** Exercise data **
lemma type_1_column_if_no_type_1_row:
  assumes "col_type x a = 1"
  shows "1 + v1 (hlab x a b) = int n + v1 (hlab x (a+1) (b+1)) \<and>
    v1 (hlab x a b) \<in> {0,1} \<and> v1 (hlab x (a+1) (b+1)) \<in> {0,1}"
  using cell_BGY[OF hx rows assms, of b] cell_BGY[OF hx rows assms, of "b+1"] by auto

text \<open>For \<open>n = 1\<close> the second letter of the horizontal labels propagates diagonally through
  columns of type 1 and drops from 1 to 0 across a junction column, so right of a junction
  column there is no further one.\<close>

lemma type_1_columns_right_of_junction:
  assumes "n = 1" and c: "col_type x c = 0"
  shows "col_type x (c + 1 + int e) = 1"
proof -
  have "v1 (hlab x (c + 1 + int e) b) = 0" for b
  proof (induction e arbitrary: b)
    case 0
    show ?case using junction_column_if_no_type_1_row[OF c] by simp
  next
    case (Suc e)
    have "col_type x (c + 1 + int e) = 1"
      using junction_column_if_no_type_1_row Suc.IH col_type_01[OF hx] by force
    then have "1 + v1 (hlab x (c + 1 + int e) (b-1)) = int n + v1 (hlab x (c + 1 + int e + 1) b)"
      using type_1_column_if_no_type_1_row[of "c + 1 + int e" "b-1"] by simp
    then show ?case using Suc.IH[of "b-1"] \<open>n = 1\<close> by (simp add: algebra_simps)
  qed
  then show ?thesis using junction_column_if_no_type_1_row col_type_01[OF hx] by force
qed

end

lemma ex_row_type_1:
  assumes hx: "valid_ext n x" and n: "n \<ge> 1"
  shows "\<exists>b. row_type x b = 1"
proof (rule ccontr)
  assume "\<not> ?thesis"
  then have rows: "\<And>b. row_type x b = 0" using row_type_01[OF hx] by metis
  show False
  proof (cases "n = 1")
    case True
    obtain c where "col_type x c = 0"
      using no_long_type_1_column_run[OF hx rows[of 0], of 0] col_type_01[OF hx] by force
    then have "col_type x (c + 1 + e) = 1" if "0 \<le> e" for e
      using type_1_columns_right_of_junction[OF hx n rows True, of c "nat e"] that by simp
    then show False using no_long_type_1_column_run[OF hx rows[of 0], of "c+1"] by (simp add: add.assoc)
  next
    case False
    then have cols: "col_type x a = 1" for a
      using junction_column_if_no_type_1_row[OF hx n rows] col_type_01[OF hx] by force
    show False
      using type_1_column_if_no_type_1_row[OF hx n rows cols, of 0 0]
        type_1_column_if_no_type_1_row[OF hx n rows cols, of 1 1] False n by auto
  qed
qed

lemma ex_col_type_1: "valid_ext n x \<Longrightarrow> n \<ge> 1 \<Longrightarrow> \<exists>a. col_type x a = 1"
  using ex_row_type_1[OF valid_ext_transposed] by simp

definition gap_above :: "config \<Rightarrow> int \<Rightarrow> nat" where
  "gap_above x b = (LEAST d::nat. 0 < d \<and> row_type x (b + int d) = 0)"

definition gap_below :: "config \<Rightarrow> int \<Rightarrow> nat" where
  "gap_below x b = (LEAST d::nat. 0 < d \<and> row_type x (b - int d) = 0)"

** Problem to solve **
Write out exactly, please, the lines beginning at the start of the material and ending with the line that holds "text \<open>For \<open>n", both included.

** Your solution **
lemma type_1_column_if_no_type_1_row:
  assumes "col_type x a = 1"
  shows "1 + v1 (hlab x a b) = int n + v1 (hlab x (a+1) (b+1)) \<and>
    v1 (hlab x a b) \<in> {0,1} \<and> v1 (hlab x (a+1) (b+1)) \<in> {0,1}"
  using cell_BGY[OF hx rows assms, of b] cell_BGY[OF hx rows assms, of "b+1"] by auto

text \<open>For \<open>n = 1\<close> the second letter of the horizontal labels propagates diagonally through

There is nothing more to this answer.